Penrose primeiro discutiu a possibilidade de uma profunda, embora vaga, conexão entre a mente e a física em seu surpreendente best-seller de 1989, ‘The Emperor New Mind’ (A Nova Mente do Imperador). Naquele livro ele sugeriu que a mente seria criada por algum fenômeno mecânico-quântico misterioso que ocorreria dentro das células do cérebro. Desafortunadamente, as células do cérebro parecem ser um local pouco provável para as peripécias quânticas. O estranho comportamento quântico, já bastante bem conhecido, parece ocorrer exclusivamente em partículas subatômicas isoladas, e facilmente se mascara em massas extensas e apinhadas de átomos, tais como existem na matéria em geral. Naquela época, Penrose foi incapaz de fornecer qualquer sugestão ou pista sobre como tal conflito poderia ser resolvido. Mas durante o ano passado (1993) ele descobriu uma maneira. Penrose pode agora apontar para um componente específico das células cerebrais que parece constituir um canal ideal para os fenômenos da mecânica quântica. Esse componente, conhecido como microtúbulo, é o indicado por Penrose para ser a raiz física da consciência.

Surpreendentemente, a inspiração de Penrose sobre os microtúbulos não foi desencadeada por um artigo publicado num dos jornais de ponta da neurociência, mas através de um encontro fortuito com um livre-pensador de Tucson, Arizona, um anestesista chamado Stuart Hameroff. Embora o folclórico e obscuro Hameroff e o reservado mas reconhecido Penrose formem uma dupla pouco provável, a parceria produziu aquilo que poderá ser a teoria mais explícita da base física da consciência até hoje apresentada, uma teoria que, se comprovada, poderia causar um terremoto em campos tão diversos quanto a física, biologia, ciências da computação e filosofia.

Penrose se auto-descreve como um ‘bisbilhoteiro’. Diz que é uma característica que adquiriu de seu pai, um médico que ativamente tinha interesses em psicologia, filosofia e enigmas matemáticos.

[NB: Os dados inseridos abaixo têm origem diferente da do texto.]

lemma continuous_on_mare_sol:
  fixes A :: "real^'n^'n" and B :: "real^'m^'n"
  assumes Q: "pos_def Q" and R: "pos_def R"
    and unique: "\<forall>p\<in>{0..<q_c}. \<exists>!X. pos_def X \<and> mare A B Q R p X"
    and "q_c \<le> 1" "b < q_c"
  shows "continuous_on {0..b} (mare_sol A B Q R)"
proof -
  let ?P = "mare_sol A B Q R"
  have sol: "pos_def (?P p) \<and> mare A B Q R p (?P p)" if "p \<in> {0..b}" for p
    using theI'[OF unique[rule_format, of p]] that assms(5) by (simp add: mare_sol_def)
  have sol_unique: "X = ?P p" if "p \<in> {0..b}" "pos_def X" "mare A B Q R p X" for p X
    using the1_equality[OF unique[rule_format, of p]] that assms(5) by (simp add: mare_sol_def)
  define T where "T = loewner_interval Q (?P b)"
  have "compact T"
    unfolding T_def by (rule compact_loewner_interval)
  have T_pos_def: "pos_def X" if "X \<in> T" for X
    using pos_def_if_in_loewner_interval[OF Q] that by (simp add: T_def)
  have into: "?P \<in> {0..b} \<rightarrow> T"
  proof
    fix p assume p: "p \<in> {0..b}"
    then show "?P p \<in> T"
      using sol[OF p] sol[of b] assms(4,5) unfolding T_def
      by (intro mare_solution_in_loewner_interval[OF Q R, where p' = b]) auto
  qed
  have "(\<lambda>p. (p, ?P p)) ` {0..b}
      = {z \<in> {0..b} \<times> T. riccati_map A B Q R (fst z) (snd z) - snd z = 0}"
    using into sol sol_unique T_pos_def by (auto simp: mare_iff_riccati_map)
  moreover have "closed {z \<in> {0..b} \<times> T. riccati_map A B Q R (fst z) (snd z) - snd z = 0}"
  proof (intro continuous_closed_preimage_constant continuous_on_diff continuous_on_snd continuous_on_id
      closed_Times closed_atLeastAtMost compact_imp_closed \<open>compact T\<close>)
    show "continuous_on ({0..b} \<times> T) (\<lambda>z. riccati_map A B Q R (fst z) (snd z))"
      by (rule continuous_on_subset[OF continuous_on_riccati_map[OF R]])
        (auto dest: T_pos_def pos_def_imp_pos_semidef)
  qed
  ultimately show ?thesis
    by (intro continuous_from_closed_graph[OF \<open>compact T\<close> into]) simp
qed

Incapaz ou não, desejando manter sua mente focalizada naquilo que as outras pessoas poderiam considerar como material mais do que suficiente para perseguir numa única carreira, Penrose continuou a colecionar novas especializações durante as últimas décadas. Depois de receber o seu Ph. D. em Matemática da Universidade de Cambridge em 1957, ele rapidamente passou pelas ciências da computação, moveu-se para a física e focalizou seu interesse na mecânica quântica, depois na relatividade geral durante algumas incursões em Princeton e Syracusa, antes de fechar contrato em Oxford.

Ao longo desse processo, Penrose começou a pensar sobre a mente. De forma particular, se perguntava se seria possível ou não programar um computador de forma que este viesse a adquirir algo que se aproximasse de uma consciência. Os pesquisadores de inteligência artificial já criaram programas que parecem capturar pelo menos um ‘sabor’ de todas as atividades inconscientes, incluindo o trabalho dos cinco sentidos, controle muscular e instintos. Tais programas permitem com que robôs encontrem e escolham blocos, que computadores respondam a perguntas sobre conserto de automóveis e criaturas de ‘vida artificial’ que se parecem com desenhos animados, encontrem seus companheiros para procriação, encontrem alimento e ‘vivam’ suas vidas numa tela de vídeo. Entretanto, os pesquisadores não dispõem de nenhuma pista de como fazer com que um computador venha a confirmar intuitivamente a verdade de algum argumento sutil ou ver o humor numa piada, sentir o impacto emocional da música, criar filosofias sobre o sentido da vida ou venham com soluções contra-intuitivas para problemas não-familiares. Resumidamente, eles não têm a menor idéia de como investir os computadores com aqueles aspectos da mente que parecem ser claramente conscientes, que permitiram com que Descartes declarasse: ‘Cogito, ergo sum’.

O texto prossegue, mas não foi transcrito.